The last hot topic was IoT and securing IoT devices. Few companies know how to build secure internet connected devices. As the adoption of IoT devices is ramps up, consumers are left less secure and have a wider attack surface. For the time being, consumers should consider being skeptical of IoT devices and take into consideration the increased level of vulnerability they are opening themselves up to. There should be a few fundamental considerations made by any company that wants to play in the IoT space. At a minimum, companies should find where their threats lie and build processes to reduce those threats. Releasing information to consumers around what they’re working on fixing and what the consumer is still vulnerable too helps as well. There are currently no laws we’re aware of that would force companies to disclose that information to consumers, but companies like Synology, 1Password, and Microsoft do an outstanding job of keeping their consumers up to date about what they're working on and what they have remediated.

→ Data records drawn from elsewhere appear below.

(* Let $(M,\cdot,1)$ be a monoid, $\Sigma$ a finite alphabet, and $\ell:\Sigma^*\to M$ an $M$-language. If there exists a factorization $(g,f)$ on $L$ such that the set $\{S^{(g,f)}_\alpha(\ell)\mid\alpha\in\Sigma^*\}$ is finite, then $\ell$ is a recognizable $M$-language.
   Context: $L$ is the set of all functions $\Sigma^*\to M$ ($M$-languages); $\varepsilon$ is the empty word. For $m\in M$, $\ell\in L$, $m\cdot\ell$ is $\gamma\mapsto m\cdot\ell(\gamma)$. A factorization on $L$ is a pair $(g,f)$ of functions $g:L\to M$, $f:L\to L$ with $g(\ell)\cdot f(\ell)=\ell$ for all $\ell\in L$. For a word $\alpha$, $\Delta_\alpha:L\to L$ is $\Delta_\alpha(\ell)(\gamma)=\ell(\alpha\gamma)$. Define $S^{(g,f)}_\varepsilon$ as the identity on $L$ and $S^{(g,f)}_{\alpha\sigma}=f\circ\Delta_\sigma\circ S^{(g,f)}_\alpha$ for $\alpha\in\Sigma^*$, $\sigma\in\Sigma$. An $M$-DFA is a tuple $A=(Q,\Sigma,u,i_u,\delta,w,\rho)$ with $Q$ finite nonempty, $u\in Q$, $i_u\in M$, $\delta:Q\times\Sigma\to Q$, $w:Q\times\Sigma\to M$, $\rho:Q\to M$. Write $q\alpha$ for the extension of $\delta$ to words ($q\varepsilon=q$, $q(\alpha\sigma)=\delta(q\alpha,\sigma)$), and let $w^*(q,\varepsilon)=1$, $w^*(q,\alpha\sigma)=w^*(q,\alpha)\cdot w(q\alpha,\sigma)$. $A$ recognizes the $M$-language $\alpha\mapsto i_u\cdot w^*(u,\alpha)\cdot\rho(u\alpha)$. An $M$-language is recognizable if some $M$-DFA recognizes it. *)

theory Defs
  imports Main
begin

text \<open>M-languages: functions from words (lists over the alphabet 's) to the monoid 'm.
  The empty word is the empty list; \<alpha>\<sigma> (appending a letter) is \<alpha> @ [\<sigma>].\<close>

type_synonym ('s, 'm) mlang = "'s list \<Rightarrow> 'm"

definition scal :: "'m::monoid_mult \<Rightarrow> ('s, 'm) mlang \<Rightarrow> ('s, 'm) mlang" where
  "scal m l = (\<lambda>\<gamma>. m * l \<gamma>)"

definition is_factorization ::
  "(('s, 'm::monoid_mult) mlang \<Rightarrow> 'm) \<Rightarrow> (('s, 'm) mlang \<Rightarrow> ('s, 'm) mlang) \<Rightarrow> bool" where
  "is_factorization g f \<longleftrightarrow> (\<forall>l. scal (g l) (f l) = l)"

definition Delta :: "'s list \<Rightarrow> ('s, 'm) mlang \<Rightarrow> ('s, 'm) mlang" where
  "Delta \<alpha> l = (\<lambda>\<gamma>. l (\<alpha> @ \<gamma>))"

text \<open>S_\<epsilon> = id and S_{\<alpha>\<sigma>} = f \<circ> \<Delta>_\<sigma> \<circ> S_\<alpha> (recursion on the last letter, via foldl).\<close>
definition S_fac :: "(('s, 'm) mlang \<Rightarrow> ('s, 'm) mlang) \<Rightarrow> 's list \<Rightarrow> ('s, 'm) mlang \<Rightarrow> ('s, 'm) mlang" where
  "S_fac f \<alpha> = foldl (\<lambda>h \<sigma>. f \<circ> Delta [\<sigma>] \<circ> h) id \<alpha>"

lemma S_fac_Nil: "S_fac f [] = id"
  by (simp add: S_fac_def)

lemma S_fac_snoc: "S_fac f (\<alpha> @ [\<sigma>]) = f \<circ> Delta [\<sigma>] \<circ> S_fac f \<alpha>"
  by (simp add: S_fac_def)

definition is_MDFA :: "nat set \<Rightarrow> nat \<Rightarrow> (nat \<Rightarrow> 's \<Rightarrow> nat) \<Rightarrow> bool" where
  "is_MDFA Q u \<delta> \<longleftrightarrow> finite Q \<and> Q \<noteq> {} \<and> u \<in> Q \<and> (\<forall>q\<in>Q. \<forall>\<sigma>. \<delta> q \<sigma> \<in> Q)"

definition delta_star :: "(nat \<Rightarrow> 's \<Rightarrow> nat) \<Rightarrow> nat \<Rightarrow> 's list \<Rightarrow> nat" where
  "delta_star \<delta> q \<alpha> = foldl \<delta> q \<alpha>"

fun w_star :: "(nat \<Rightarrow> 's \<Rightarrow> nat) \<Rightarrow> (nat \<Rightarrow> 's \<Rightarrow> 'm::monoid_mult) \<Rightarrow> nat \<Rightarrow> 's list \<Rightarrow> 'm" where
  "w_star \<delta> w q [] = 1"
| "w_star \<delta> w q (\<sigma> # \<alpha>) = w q \<sigma> * w_star \<delta> w (\<delta> q \<sigma>) \<alpha>"

lemma w_star_snoc: "w_star \<delta> w q (\<alpha> @ [\<sigma>]) = w_star \<delta> w q \<alpha> * w (delta_star \<delta> q \<alpha>) \<sigma>"
  by (induction \<alpha> arbitrary: q) (simp_all add: delta_star_def mult.assoc)

definition recognizes ::
  "nat set \<Rightarrow> nat \<Rightarrow> 'm::monoid_mult \<Rightarrow> (nat \<Rightarrow> 's \<Rightarrow> nat) \<Rightarrow> (nat \<Rightarrow> 's \<Rightarrow> 'm) \<Rightarrow> (nat \<Rightarrow> 'm)
     \<Rightarrow> ('s, 'm) mlang \<Rightarrow> bool" where
  "recognizes Q u i\<^sub>u \<delta> w \<rho> l \<longleftrightarrow> is_MDFA Q u \<delta> \<and>
     (\<forall>\<alpha>. l \<alpha> = i\<^sub>u * w_star \<delta> w u \<alpha> * \<rho> (delta_star \<delta> u \<alpha>))"

definition recognizable :: "('s, 'm::monoid_mult) mlang \<Rightarrow> bool" where
  "recognizable l \<longleftrightarrow> (\<exists>Q u i\<^sub>u \<delta> w \<rho>. recognizes Q u i\<^sub>u \<delta> w \<rho> l)"

end

theory Submission
  imports Defs
begin

(* The finitely many languages S_\<alpha>(l) serve as the states of the automaton. In state x,
   the letter \<sigma> leads to f (\<Delta>_\<sigma> x) with weight g (\<Delta>_\<sigma> x); the factorization identity
   \<Delta>_\<sigma> x = g (\<Delta>_\<sigma> x) \<cdot> f (\<Delta>_\<sigma> x) then gives l(\<alpha>\<gamma>) = w*(\<alpha>) \<cdot> S_\<alpha>(l)(\<gamma>) by induction on \<alpha>,
   and \<gamma> = \<epsilon> yields l. *)

lemma is_factorizationD: "is_factorization g f \<Longrightarrow> g l * f l \<gamma> = l \<gamma>"
  unfolding is_factorization_def scal_def by metis

lemma delta_star_Cons: "delta_star \<delta> q (\<sigma> # \<alpha>) = delta_star \<delta> (\<delta> q \<sigma>) \<alpha>"
  by (simp add: delta_star_def)

lemma state_language_append:
  assumes closed: "\<forall>q\<in>Q. \<forall>\<sigma>. \<delta> q \<sigma> \<in> Q"
    and step: "\<And>q \<sigma> \<gamma>. q \<in> Q \<Longrightarrow> e q (\<sigma> # \<gamma>) = w q \<sigma> * e (\<delta> q \<sigma>) \<gamma>"
    and "q \<in> Q"
  shows "e q (\<alpha> @ \<gamma>) = w_star \<delta> w q \<alpha> * e (delta_star \<delta> q \<alpha>) \<gamma>"
  using \<open>q \<in> Q\<close>
proof (induction \<alpha> arbitrary: q)
  case Nil
  then show ?case by (simp add: delta_star_def)
next
  case (Cons \<sigma> \<alpha>)
  have "e q ((\<sigma> # \<alpha>) @ \<gamma>) = w q \<sigma> * e (\<delta> q \<sigma>) (\<alpha> @ \<gamma>)"
    using step[OF Cons.prems] by simp
  also have "\<dots> = w q \<sigma> * (w_star \<delta> w (\<delta> q \<sigma>) \<alpha> * e (delta_star \<delta> (\<delta> q \<sigma>) \<alpha>) \<gamma>)"
    using Cons closed by simp
  finally show ?case by (simp add: delta_star_Cons mult.assoc)
qed

lemma recognizes_state_language:
  assumes "is_MDFA Q u \<delta>"
    and "\<And>q \<sigma> \<gamma>. q \<in> Q \<Longrightarrow> e q (\<sigma> # \<gamma>) = w q \<sigma> * e (\<delta> q \<sigma>) \<gamma>"
  shows "recognizes Q u 1 \<delta> w (\<lambda>q. e q []) (e u)"
  using assms state_language_append[of Q \<delta> e w u _ "[]"]
  unfolding recognizes_def is_MDFA_def by simp

lemma recognizable_if_finite_closed:
  fixes X :: "('s, 'm::monoid_mult) mlang set"
  assumes fac: "is_factorization g f" and "finite X" and "l \<in> X"
    and closed: "\<And>x \<sigma>. x \<in> X \<Longrightarrow> f (Delta [\<sigma>] x) \<in> X"
  shows "recognizable l"
proof -
  obtain idx :: "('s, 'm) mlang \<Rightarrow> nat" where idx: "inj_on idx X"
    using finite_imp_inj_to_nat_seg[OF \<open>finite X\<close>] by blast
  define e where "e = inv_into X idx"
  define \<delta> where "\<delta> q \<sigma> = idx (f (Delta [\<sigma>] (e q)))" for q \<sigma>
  define w where "w q \<sigma> = g (Delta [\<sigma>] (e q))" for q \<sigma>
  have e_idx: "e (idx x) = x" if "x \<in> X" for x
    using idx that by (simp add: e_def)
  have e_in: "e q \<in> X" if "q \<in> idx ` X" for q
    using that by (simp add: e_def inv_into_into)
  have "is_MDFA (idx ` X) (idx l) \<delta>"
    using \<open>finite X\<close> \<open>l \<in> X\<close> closed e_in by (auto simp: is_MDFA_def \<delta>_def)
  moreover have "e q (\<sigma> # \<gamma>) = w q \<sigma> * e (\<delta> q \<sigma>) \<gamma>" if "q \<in> idx ` X" for q \<sigma> \<gamma>
  proof -
    have "e q (\<sigma> # \<gamma>) = Delta [\<sigma>] (e q) \<gamma>"
      by (simp add: Delta_def)
    also have "\<dots> = w q \<sigma> * f (Delta [\<sigma>] (e q)) \<gamma>"
      using is_factorizationD[OF fac] by (simp add: w_def)
    finally show ?thesis
      using e_idx closed e_in[OF that] by (simp add: \<delta>_def)
  qed
  ultimately have "recognizes (idx ` X) (idx l) 1 \<delta> w (\<lambda>q. e q []) (e (idx l))"
    by (rule recognizes_state_language)
  then show ?thesis
    unfolding recognizable_def e_idx[OF \<open>l \<in> X\<close>] by blast
qed

theorem lemma3:
  fixes l :: "'s::finite list \<Rightarrow> 'm::monoid_mult"
  assumes "\<exists>g f. is_factorization g f \<and> finite {S_fac f \<alpha> l | \<alpha>. True}"
  shows "recognizable l"
proof -
  obtain g f where fac: "is_factorization g f" and fin: "finite {S_fac f \<alpha> l | \<alpha>. True}"
    using assms by blast
  have "l \<in> {S_fac f \<alpha> l | \<alpha>. True}"
    by (metis (mono_tags, lifting) S_fac_Nil id_apply mem_Collect_eq)
  moreover have "f (Delta [\<sigma>] x) \<in> {S_fac f \<alpha> l | \<alpha>. True}"
    if "x \<in> {S_fac f \<alpha> l | \<alpha>. True}" for x \<sigma>
  proof -
    from that obtain \<alpha> where "x = S_fac f \<alpha> l" by blast
    then have "f (Delta [\<sigma>] x) = S_fac f (\<alpha> @ [\<sigma>]) l" by (simp add: S_fac_snoc)
    then show ?thesis by blast
  qed
  ultimately show ?thesis
    using recognizable_if_finite_closed[OF fac fin] by blast
qed

end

This years’ RSA Conference centered around a few main points that were reiterated throughout the entire conference. GDPR is here to stay, so how do companies cope with it? Security for DevOps was a major concern with them as well, with questions focused on how to get teams to work together, whether they are focused on development or security. Additionally, how can we automate some of the processes involved in developing secure applications? We can help with this point. Lastly, the overall impact of IoT was ever-present, with everyone asking questions around where security in the IoT space is going and how we believe it needs to get there. Did you find these same themes echoed at RSA? Are there things we should know or ideas we missed? Let me know!